Aim of the exercise: Below are records; please set down exactly the lines from the first through the one containing "define s where".

(Collected data)
lemma nbcrw_stationary_unique:
  assumes G: "simple_graph V E" and conn: "connected_graph V E"
    and x_pos: "\<forall>i\<in>V. x i > 0" and s_pos: "\<forall>i\<in>V. neighbour_sum V E x i > 0"
    and st: "stationary_distribution V (nbcrw V E x) \<pi>" and "j \<in> V"
  shows "\<pi> j = x j * neighbour_sum V E x j / (\<Sum>i\<in>V. x i * neighbour_sum V E x i)"
proof -
  define s where "s = neighbour_sum V E x"
  define h where "h i = \<pi> i / (x i * s i)" for i
  have \<pi>_eq: "\<pi> i = h i * (x i * s i)" if "i \<in> V" for i
  proof -
    have "x i \<noteq> 0" "s i \<noteq> 0" using x_pos s_pos that by (auto simp: s_def)
    then show ?thesis by (simp add: h_def)
  qed
  have "\<forall>j\<in>V. h j * s j = (\<Sum>i\<in>{i\<in>V. E j i}. h i * x i)"
  proof
    fix j assume "j \<in> V"
    have "x j * (h j * s j) = (\<Sum>i\<in>V. \<pi> i * nbcrw V E x i j)"
      using st \<open>j \<in> V\<close> \<pi>_eq by (simp add: stationary_distribution_def algebra_simps)
    also have "\<dots> = (\<Sum>i\<in>V. if E i j then x j * (h i * x i) else 0)"
      using s_pos \<pi>_eq by (intro sum.cong) (auto simp: nbcrw_def s_def neighbour_sum_def)
    also have "\<dots> = (\<Sum>i\<in>{i\<in>V. E i j}. x j * (h i * x i))"
      by (rule sum.inter_filter[OF simple_graph_finite[OF G], symmetric])
    also have "\<dots> = x j * (\<Sum>i\<in>{i\<in>V. E j i}. h i * x i)"
      by (simp add: simple_graph_neighbours_sym[OF G] sum_distrib_left)
    finally show "h j * s j = (\<Sum>i\<in>{i\<in>V. E j i}. h i * x i)"
      using x_pos \<open>j \<in> V\<close> by fastforce
  qed
  then obtain c where c: "\<forall>i\<in>V. h i = c"
    using weighted_mean_property_imp_constant[OF G conn x_pos] unfolding s_def by blast
  have "1 = (\<Sum>i\<in>V. \<pi> i)" using st by (simp add: stationary_distribution_def)
  also have "\<dots> = c * (\<Sum>i\<in>V. x i * s i)"
    by (simp add: sum_distrib_left \<pi>_eq c)
  finally have "c = 1 / (\<Sum>i\<in>V. x i * s i)"
    by (auto simp: eq_divide_eq)
  then show ?thesis
    using \<pi>_eq[OF \<open>j \<in> V\<close>] c \<open>j \<in> V\<close> by (simp add: s_def)
qed

lemma nb_nonneg_eigenvector_nonneg:
  "simple_graph V E \<Longrightarrow> nb_nonneg_eigenvector V E \<kappa> v \<Longrightarrow> E i j \<Longrightarrow> v (i, j) \<ge> 0"
  by (auto simp: nb_nonneg_eigenvector_def dir_edges_def dest: simple_graph_edge_in)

Task response:
lemma nbcrw_stationary_unique:
  assumes G: "simple_graph V E" and conn: "connected_graph V E"
    and x_pos: "\<forall>i\<in>V. x i > 0" and s_pos: "\<forall>i\<in>V. neighbour_sum V E x i > 0"
    and st: "stationary_distribution V (nbcrw V E x) \<pi>" and "j \<in> V"
  shows "\<pi> j = x j * neighbour_sum V E x j / (\<Sum>i\<in>V. x i * neighbour_sum V E x i)"
proof -
  define s where "s = neighbour_sum V E x"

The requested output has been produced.